* _What to produce_: Working from the entries below, give again each line from the first through the one containing "has_field_derivative exp (d * of_real t))", exactly and with nothing else.

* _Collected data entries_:

section \<open>The primitive of an exponential\<close>

lemma has_vector_derivative_cexp_real:
  fixes r :: complex
  shows "((\<lambda>t. exp (r * of_real t)) has_vector_derivative r * exp (r * of_real t)) (at t within S)"
proof -
  have "((\<lambda>z. exp (r * z)) has_field_derivative r * exp (r * of_real t)) (at (of_real t))"
    by (auto intro!: derivative_eq_intros)
  from has_vector_derivative_real_field[OF this] show ?thesis by simp
qed

(* The integral of u \<mapsto> exp (d * u) over [0, t]. *)
definition exp_primitive :: "complex \<Rightarrow> real \<Rightarrow> complex" where
  "exp_primitive d t = (if d = 0 then of_real t else (exp (d * of_real t) - 1) / d)"

lemma exp_primitive_0 [simp]: "exp_primitive d 0 = 0"
  by (simp add: exp_primitive_def)

lemma exp_primitive_has_vector_derivative:
  "(exp_primitive d has_vector_derivative exp (d * of_real t)) (at t within S)"
proof -
  have "((\<lambda>z. if d = 0 then z else (exp (d * z) - 1) / d) has_field_derivative exp (d * of_real t))
          (at (of_real t))"
    by (cases "d = 0") (auto intro!: derivative_eq_intros)
  from has_vector_derivative_real_field[OF this] show ?thesis
    by (simp add: exp_primitive_def [abs_def] if_distrib)
qed
(* Every monotone $\upsilon$-quasi-lattice is a $\mu$-quasi-lattice, and its $\upsilon$-quasi-supremum and $\mu$-quasi-supremum of every pair $\{x,y\}$ coincide.
   Context: A pre-ordered Banach space is a real Banach space $X$ with a cone $X_+$ ($X_++X_+\subseteq X_+$, $\lambda X_+\subseteq X_+$ for $\lambda\ge0$); $x\le y$ means $y-x\in X_+$. $X$ is monotone if $0\le x\le y$ implies $\|x\|\le\|y\|$. For $A\subseteq X$, $\upsilon(A)$ is the set of upper bounds and $\mu(A)$ the set of minimal upper bounds ($z\in\upsilon(A)$ such that $A\le w\le z$ implies $w=z$). Let $\sigma_{x,y}(z)=\|z-x\|+\|z-y\|$. A pre-ordered Banach space with closed cone is a $\upsilon$-quasi-lattice (resp. $\mu$-quasi-lattice) if for all $x,y$ the set $\upsilon(\{x,y\})$ (resp. $\mu(\{x,y\})$) is non-empty and contains a unique minimizer of $\sigma_{x,y}$ on that set, called the $\upsilon$-quasi-supremum (resp. $\mu$-quasi-supremum) of $\{x,y\}$. *)

theory Defs
  imports "HOL-Analysis.Analysis"
begin

definition is_cone :: "'a::real_vector set \<Rightarrow> bool" where
  "is_cone C \<longleftrightarrow> (\<forall>x\<in>C. \<forall>y\<in>C. x + y \<in> C) \<and> (\<forall>x\<in>C. \<forall>l::real. l \<ge> 0 \<longrightarrow> l *\<^sub>R x \<in> C)"

definition cle :: "'a::real_vector set \<Rightarrow> 'a \<Rightarrow> 'a \<Rightarrow> bool" where
  "cle C x y \<longleftrightarrow> y - x \<in> C"

definition is_monotone :: "'a::real_normed_vector set \<Rightarrow> bool" where
  "is_monotone C \<longleftrightarrow> (\<forall>x y. cle C 0 x \<and> cle C x y \<longrightarrow> norm x \<le> norm y)"

definition ubounds :: "'a::real_vector set \<Rightarrow> 'a set \<Rightarrow> 'a set" where
  "ubounds C A = {z. \<forall>a\<in>A. cle C a z}"

definition minubounds :: "'a::real_vector set \<Rightarrow> 'a set \<Rightarrow> 'a set" where
  "minubounds C A = {z \<in> ubounds C A. \<forall>w. w \<in> ubounds C A \<and> cle C w z \<longrightarrow> w = z}"

definition sigma :: "'a::real_normed_vector \<Rightarrow> 'a \<Rightarrow> 'a \<Rightarrow> real" where
  "sigma x y z = norm (z - x) + norm (z - y)"

definition is_sigma_min :: "'a::real_normed_vector \<Rightarrow> 'a \<Rightarrow> 'a set \<Rightarrow> 'a \<Rightarrow> bool" where
  "is_sigma_min x y S z \<longleftrightarrow> z \<in> S \<and> (\<forall>w\<in>S. sigma x y z \<le> sigma x y w)"

definition upsilon_quasi_lattice :: "'a::banach set \<Rightarrow> bool" where
  "upsilon_quasi_lattice C \<longleftrightarrow> is_cone C \<and> closed C \<and>
     (\<forall>x y. ubounds C {x, y} \<noteq> {} \<and> (\<exists>!z. is_sigma_min x y (ubounds C {x, y}) z))"

definition mu_quasi_lattice :: "'a::banach set \<Rightarrow> bool" where
  "mu_quasi_lattice C \<longleftrightarrow> is_cone C \<and> closed C \<and>
     (\<forall>x y. minubounds C {x, y} \<noteq> {} \<and> (\<exists>!z. is_sigma_min x y (minubounds C {x, y}) z))"

definition upsilon_qsup :: "'a::banach set \<Rightarrow> 'a \<Rightarrow> 'a \<Rightarrow> 'a" where
  "upsilon_qsup C x y = (THE z. is_sigma_min x y (ubounds C {x, y}) z)"

definition mu_qsup :: "'a::banach set \<Rightarrow> 'a \<Rightarrow> 'a \<Rightarrow> 'a" where
  "mu_qsup C x y = (THE z. is_sigma_min x y (minubounds C {x, y}) z)"

end

theory Submission
  imports Defs
begin

text \<open>In a monotone space, any upper bound w of {x, y} below an upper bound z is at least as
  close to x and y as z is. Hence the unique \<sigma>-minimiser over all upper bounds admits no smaller
  upper bound, i.e. it is already a minimal upper bound, and minimising \<sigma> over the smaller set
  of minimal upper bounds yields the same point.\<close>

lemma minubounds_subset_ubounds: "minubounds C A \<subseteq> ubounds C A"
  unfolding minubounds_def by blast

lemma monotone_norm_diff_le:
  assumes "is_monotone C" "cle C a w" "cle C w z"
  shows "norm (w - a) \<le> norm (z - a)"
proof -
  have "cle C 0 (w - a)" "cle C (w - a) (z - a)"
    using assms(2,3) unfolding cle_def by simp_all
  then show ?thesis using assms(1) unfolding is_monotone_def by blast
qed

lemma monotone_sigma_le:
  assumes "is_monotone C" "w \<in> ubounds C {x, y}" "cle C w z"
  shows "sigma x y w \<le> sigma x y z"
  using monotone_norm_diff_le[OF assms(1) _ assms(3), of x] monotone_norm_diff_le[OF assms(1) _ assms(3), of y]
    assms(2) unfolding sigma_def ubounds_def by fastforce

lemma is_sigma_min_subset_iff:
  assumes "is_sigma_min x y S z" "z \<in> T" "T \<subseteq> S"
  shows "is_sigma_min x y T w \<longleftrightarrow> w \<in> T \<and> is_sigma_min x y S w"
  using assms unfolding is_sigma_min_def by (meson order_trans subsetD)

lemma unique_sigma_min_ubounds_in_minubounds:
  assumes mon: "is_monotone C"
    and min: "is_sigma_min x y (ubounds C {x, y}) z"
    and uniq: "\<And>w. is_sigma_min x y (ubounds C {x, y}) w \<Longrightarrow> w = z"
  shows "z \<in> minubounds C {x, y}"
  unfolding minubounds_def
proof (intro CollectI conjI allI impI)
  show "z \<in> ubounds C {x, y}" using min unfolding is_sigma_min_def by simp
  fix w assume w: "w \<in> ubounds C {x, y} \<and> cle C w z"
  then have "sigma x y w \<le> sigma x y z" using monotone_sigma_le[OF mon] by blast
  with w min have "is_sigma_min x y (ubounds C {x, y}) w"
    unfolding is_sigma_min_def by fastforce
  then show "w = z" by (rule uniq)
qed

lemma monotone_sigma_min_minubounds_iff:
  assumes mon: "is_monotone C"
    and unique: "\<exists>!z. is_sigma_min x y (ubounds C {x, y}) z"
  shows "is_sigma_min x y (minubounds C {x, y}) w \<longleftrightarrow> is_sigma_min x y (ubounds C {x, y}) w"
proof -
  from unique obtain z where min: "is_sigma_min x y (ubounds C {x, y}) z"
    and uniq: "\<And>w. is_sigma_min x y (ubounds C {x, y}) w \<Longrightarrow> w = z" by blast
  have "z \<in> minubounds C {x, y}"
    using unique_sigma_min_ubounds_in_minubounds[OF mon min uniq] .
  then show ?thesis
    using is_sigma_min_subset_iff[OF min _ minubounds_subset_ubounds] uniq by blast
qed

theorem theorem5p12:
  fixes C :: "'a::banach set"
  assumes "is_monotone C"
    and "upsilon_quasi_lattice C"
  shows "mu_quasi_lattice C \<and> (\<forall>x y. upsilon_qsup C x y = mu_qsup C x y)"
proof -
  have unique: "\<exists>!z. is_sigma_min x y (ubounds C {x, y}) z" for x y
    using assms(2) unfolding upsilon_quasi_lattice_def by blast
  have same_min: "is_sigma_min x y (minubounds C {x, y}) = is_sigma_min x y (ubounds C {x, y})"
    for x y using monotone_sigma_min_minubounds_iff[OF assms(1) unique] by blast
  have "minubounds C {x, y} \<noteq> {}" for x y
    using unique[of x y] unfolding same_min[symmetric] is_sigma_min_def by blast
  then have "mu_quasi_lattice C"
    using assms(2) unique unfolding mu_quasi_lattice_def upsilon_quasi_lattice_def same_min by blast
  moreover have "upsilon_qsup C x y = mu_qsup C x y" for x y
    unfolding upsilon_qsup_def mu_qsup_def same_min ..
  ultimately show ?thesis by blast
qed

end
(* Let $\alpha\in\mathcal{L}^*(E_{\mathbb{Z}})$ with $|\alpha|\ge2$. Then there exists $n\ge0$ such that $$\alpha=\gamma_0\, i_1^{(n)}\cdots i_k^{(n)}\,\gamma_1,\qquad 2\le k\le 4,\ i_1,\dots,i_k\in\{0,1\},$$ where $\gamma_0$ is a final subpath (suffix) of $0^{(n)}$ or of $1^{(n)}$ and $\gamma_1$ is an initial subpath (prefix) of $0^{(n)}$ or of $1^{(n)}$, with $0\le|\gamma_0|,|\gamma_1|<2^n$ ($n$ need not be unique). Moreover, for a fixed such $n$, this expression of $\alpha$ in $i^{(n)}$-blocks is unique.
   Context: The two-sided Thue--Morse sequence $\omega=(\omega_k)_{k\in\mathbb{Z}}$ over $\{0,1\}$ is defined by $\omega_0=0$, $\omega_{2^n+j}=1-\omega_j$ for $n\ge0$, $0\le j<2^n$, and $\omega_{-i}=\omega_{i-1}$ for $i\ge1$. $\mathcal{L}^*(E_{\mathbb{Z}})$ denotes the set of finite nonempty words occurring in $\omega$. Blocks $i^{(n)}$: $0^{(0)}=0$, $1^{(0)}=1$, and inductively $0^{(n)}=0^{(n-1)}1^{(n-1)}$, $1^{(n)}=1^{(n-1)}0^{(n-1)}$ (concatenation); $|i^{(n)}|=2^n$. Empty $\gamma_0,\gamma_1$ are allowed. *)

theory Defs
  imports Main "HOL-Library.Sublist"
begin

definition top_pow :: "nat \<Rightarrow> nat" where
  "top_pow k = (GREATEST n. (2::nat) ^ n \<le> k)"

text \<open>One-sided Thue--Morse: omega_0 = 0 and omega_(2^n+j) = 1 - omega_j for 0 \<le> j < 2^n,
  where for k \<ge> 1 we write k = 2^n + j with n = top_pow k.\<close>
function tm_nat :: "nat \<Rightarrow> nat" where
  "tm_nat k = (if k = 0 then 0 else 1 - tm_nat (k - 2 ^ top_pow k))"
  by auto
termination
  by (relation "measure id") auto

definition tm_omega :: "int \<Rightarrow> nat" where
  "tm_omega k = (if 0 \<le> k then tm_nat (nat k) else tm_nat (nat (- k) - 1))"

definition tm_lang :: "nat list set" where
  "tm_lang = {w. w \<noteq> [] \<and> (\<exists>m::int. \<forall>j < length w. w ! j = tm_omega (m + int j))}"

fun tm_block :: "nat \<Rightarrow> nat \<Rightarrow> nat list" where
  "tm_block 0 i = [i]"
| "tm_block (Suc n) i = tm_block n i @ tm_block n (1 - i)"

definition block_decomp :: "nat \<Rightarrow> nat list \<Rightarrow> nat list \<Rightarrow> nat list \<Rightarrow> nat list \<Rightarrow> bool" where
  "block_decomp n \<alpha> g0 is g1 \<longleftrightarrow>
     2 \<le> length is \<and> length is \<le> 4 \<and> set is \<subseteq> {0, 1} \<and>
     (\<exists>i\<in>{0,1}. suffix g0 (tm_block n i)) \<and>
     (\<exists>i\<in>{0,1}. prefix g1 (tm_block n i)) \<and>
     length g0 < 2 ^ n \<and> length g1 < 2 ^ n \<and>
     \<alpha> = g0 @ concat (map (\<lambda>i. tm_block n i) is) @ g1"

end

theory Submission
  imports Defs
begin

text \<open>For every \<open>n\<close>, the two-sided Thue--Morse word is the concatenation of the blocks
  \<open>0\<^sup>(\<^sup>n\<^sup>)\<close> and \<open>1\<^sup>(\<^sup>n\<^sup>)\<close> placed at the positions divisible by \<open>2^n\<close>.
  A window is decomposed by choosing \<open>n\<close> so that it contains between two and four complete
  aligned \<open>2^n\<close>-blocks; such an \<open>n\<close> exists because the number of complete blocks roughly halves
  when \<open>n\<close> increases. Uniqueness is recognizability: two consecutive \<open>n\<close>-blocks occur only at
  positions divisible by \<open>2^n\<close>, which determines \<open>|\<gamma>\<^sub>0|\<close> modulo \<open>2^n\<close> and hence outright.\<close>

declare tm_nat.simps[simp del]

lemma top_pow_eq: "2^t \<le> k \<Longrightarrow> k < 2^(t+1) \<Longrightarrow> top_pow k = t"
  unfolding top_pow_def
proof (rule Greatest_equality)
  fix y assume "2^t \<le> k" "k < 2^(t+1)" "(2::nat)^y \<le> k"
  then have "(2::nat)^y < 2^(t+1)" by linarith
  then show "y \<le> t" using power_less_imp_less_exp[of "2::nat" y "t+1"] by simp
qed

lemma tm_nat_0: "tm_nat 0 = 0"
  by (subst tm_nat.simps) simp

lemma tm_nat_pos: "0 < k \<Longrightarrow> tm_nat k = 1 - tm_nat (k - 2 ^ top_pow k)"
  by (subst tm_nat.simps) simp

lemma tm_nat_le1: "tm_nat k \<le> 1"
  by (subst tm_nat.simps) simp

lemma tm_nat_double: "tm_nat (2*k) = tm_nat k \<and> tm_nat (2*k+1) = 1 - tm_nat k"
proof (induction k rule: less_induct)
  case (less k)
  show ?case
  proof (cases "k = 0")
    case True
    have "top_pow 1 = 0" by (rule top_pow_eq) auto
    then show ?thesis using True by (simp add: tm_nat_pos tm_nat_0)
  next
    case False
    then obtain t where t: "2^t \<le> k" "k < 2^(t+1)" using ex_power_ivl1[of 2 k] by auto
    then have "top_pow k = t" "top_pow (2*k) = t+1" "top_pow (2*k+1) = t+1"
      by (auto intro: top_pow_eq)
    moreover have "2*k - 2^(t+1) = 2*(k-2^t)" "2*k+1 - 2^(t+1) = 2*(k-2^t)+1"
      using t by simp_all
    ultimately have "tm_nat k = 1 - tm_nat (k - 2^t)"
      "tm_nat (2*k) = 1 - tm_nat (2*(k-2^t))" "tm_nat (2*k+1) = 1 - tm_nat (2*(k-2^t)+1)"
      using False by (simp_all add: tm_nat_pos)
    moreover have "k - 2^t < k" using t False by simp
    ultimately show ?thesis using less.IH tm_nat_le1[of "k - 2^t"] by auto
  qed
qed
definition kernel_op :: "('a::topological_space \<Rightarrow> 'a measure) \<Rightarrow> bool" where
  "kernel_op Q \<longleftrightarrow>
     (\<forall>x. sets (Q x) = sets borel \<and> finite_measure (Q x)) \<and>
     (\<forall>A\<in>sets borel. (\<lambda>x. emeasure (Q x) A) \<in> borel_measurable borel)"

definition kop :: "('a \<Rightarrow> 'a measure) \<Rightarrow> ('a \<Rightarrow> real) \<Rightarrow> 'a \<Rightarrow> real" where
  "kop Q \<phi> = (\<lambda>x. \<integral>y. \<phi> y \<partial>(Q x))"

definition LinfW :: "('a::topological_space \<Rightarrow> real) \<Rightarrow> ('a \<Rightarrow> real) set" where
  "LinfW W = {\<phi>. \<phi> \<in> borel_measurable borel \<and> (\<exists>C. \<forall>x. \<bar>\<phi> x\<bar> \<le> C * W x)}"

definition normW :: "('a \<Rightarrow> real) \<Rightarrow> ('a \<Rightarrow> real) \<Rightarrow> real" where
  "normW W \<phi> = (SUP x. \<bar>\<phi> x\<bar> / W x)"

definition compact_opW :: "('a::topological_space \<Rightarrow> real) \<Rightarrow> (('a \<Rightarrow> real) \<Rightarrow> ('a \<Rightarrow> real)) \<Rightarrow> bool" where
  "compact_opW W T \<longleftrightarrow>
     (\<forall>\<phi>\<in>LinfW W. T \<phi> \<in> LinfW W) \<and>
     (\<forall>(f::nat \<Rightarrow> 'a \<Rightarrow> real) B. (\<forall>n. f n \<in> LinfW W \<and> normW W (f n) \<le> B) \<longrightarrow>
        (\<exists>r \<psi>. strict_mono r \<and> \<psi> \<in> LinfW W \<and>
           (\<lambda>n. normW W (T (f (r n)) - \<psi>)) \<longlonglongrightarrow> 0))"

end

theory Submission
  imports Defs
begin

text \<open>
  The Lyapunov bound makes \<open>Q\<close> bounded on \<open>L\<^sup>\<infinity>\<^sub>W\<close> and makes \<open>\<bar>Q f\<bar> \<le> \<gamma> m \<parallel>f\<parallel>\<^sub>W W\<close> outside \<open>K m\<close>.
  Irreducibility makes every \<open>Q(x, \<cdot>)\<close> absolutely continuous with respect to the mixture
  \<open>\<nu>\<close> of the \<open>\<eta> n\<close> with weights \<open>2\<^sup>-\<^sup>n\<close>. The Borel sets of a second countable space have a countable
  generator, so a diagonal argument gives weak-* sequential compactness of the ball of \<open>L\<^sup>\<infinity>(\<nu>)\<close>, and
  pairing with the densities of the \<open>Q(x, \<cdot>)\<close> shows that every \<open>W\<close>-bounded sequence \<open>f\<^sub>k\<close> has a
  subsequence along which \<open>Q f\<^sub>k\<close> converges pointwise. A second application of \<open>Q\<close> preserves pointwise
  convergence (dominated convergence) and makes the tails outside \<open>K m\<close> uniformly of order \<open>\<gamma> m\<close>; on the
  compact \<open>K m\<close>, local regularity and a Dini-type argument make the third application converge
  uniformly. Together this is convergence in \<open>L\<^sup>\<infinity>\<^sub>W\<close>.
\<close>

section \<open>Sequences and uniform limits\<close>

lemma convergent_if_uniformly_approximable:
  fixes a :: "nat \<Rightarrow> real"
  assumes approx: "\<And>\<epsilon>. \<epsilon> > 0 \<Longrightarrow> \<exists>b. convergent b \<and> (\<forall>k. \<bar>a k - b k\<bar> \<le> \<epsilon>)"
  shows "convergent a"
proof -
  have "Cauchy a"
  proof (rule metric_CauchyI)
    fix \<epsilon> :: real assume "\<epsilon> > 0"
    then obtain b where b: "convergent b" "\<And>k. \<bar>a k - b k\<bar> \<le> \<epsilon> / 3"
      using approx[of "\<epsilon> / 3"] by auto
    obtain N where N: "\<And>m n. m \<ge> N \<Longrightarrow> n \<ge> N \<Longrightarrow> dist (b m) (b n) < \<epsilon> / 3"
      using b(1) \<open>\<epsilon> > 0\<close> by (metis Cauchy_convergent_iff metric_CauchyD zero_less_divide_iff zero_less_numeral)
    have "dist (a m) (a n) < \<epsilon>" if "m \<ge> N" "n \<ge> N" for m n
      using N[OF that] b(2)[of m] b(2)[of n] unfolding dist_real_def abs_le_iff abs_less_iff by linarith
    then show "\<exists>M. \<forall>m\<ge>M. \<forall>n\<ge>M. dist (a m) (a n) < \<epsilon>"
      by blast
  qed
  then show ?thesis
    by (simp add: Cauchy_convergent_iff)
qed
lemma pendent_path_deg_le_2:
  "pendent_path E p \<Longrightarrow> 0 < i \<Longrightarrow> i < length p \<Longrightarrow> deg E (p ! i) \<le> 2"
  using pendent_path_deg_nth[of E p i] by simp

lemma pendent_path_deg_ge_2:
  "pendent_path E p \<Longrightarrow> i < length p - 1 \<Longrightarrow> 2 \<le> deg E (p ! i)"
  using pendent_path_deg_hd[of E p] pendent_path_deg_nth[of E p i] by (cases "i = 0") auto

lemma pendent_path_index_eq_0_if_deg_ge_3:
  "pendent_path E p \<Longrightarrow> i < length p \<Longrightarrow> 3 \<le> deg E (p ! i) \<Longrightarrow> i = 0"
  using pendent_path_deg_le_2[of E p i] by (cases "i = 0") auto

lemma pendent_path_index_eq_last_if_deg_1:
  "pendent_path E p \<Longrightarrow> i < length p \<Longrightarrow> deg E (p ! i) = 1 \<Longrightarrow> i = length p - 1"
proof -
  assume p: "pendent_path E p" "i < length p" "deg E (p ! i) = 1"
  have "i \<noteq> 0" using p(3) pendent_path_deg_hd[OF p(1)] by (cases i) auto
  then have "deg E (p ! i) = (if i = length p - 1 then 1 else 2)"
    using pendent_path_deg_nth[OF p(1)] p(2) by simp
  then show "i = length p - 1" using p(3) by (cases "i = length p - 1") auto
qed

* _Task output_:
section \<open>The primitive of an exponential\<close>

lemma has_vector_derivative_cexp_real:
  fixes r :: complex
  shows "((\<lambda>t. exp (r * of_real t)) has_vector_derivative r * exp (r * of_real t)) (at t within S)"
proof -
  have "((\<lambda>z. exp (r * z)) has_field_derivative r * exp (r * of_real t)) (at (of_real t))"
    by (auto intro!: derivative_eq_intros)
  from has_vector_derivative_real_field[OF this] show ?thesis by simp
qed

(* The integral of u \<mapsto> exp (d * u) over [0, t]. *)
definition exp_primitive :: "complex \<Rightarrow> real \<Rightarrow> complex" where
  "exp_primitive d t = (if d = 0 then of_real t else (exp (d * of_real t) - 1) / d)"

lemma exp_primitive_0 [simp]: "exp_primitive d 0 = 0"
  by (simp add: exp_primitive_def)

lemma exp_primitive_has_vector_derivative:
  "(exp_primitive d has_vector_derivative exp (d * of_real t)) (at t within S)"
proof -
  have "((\<lambda>z. if d = 0 then z else (exp (d * z) - 1) / d) has_field_derivative exp (d * of_real t))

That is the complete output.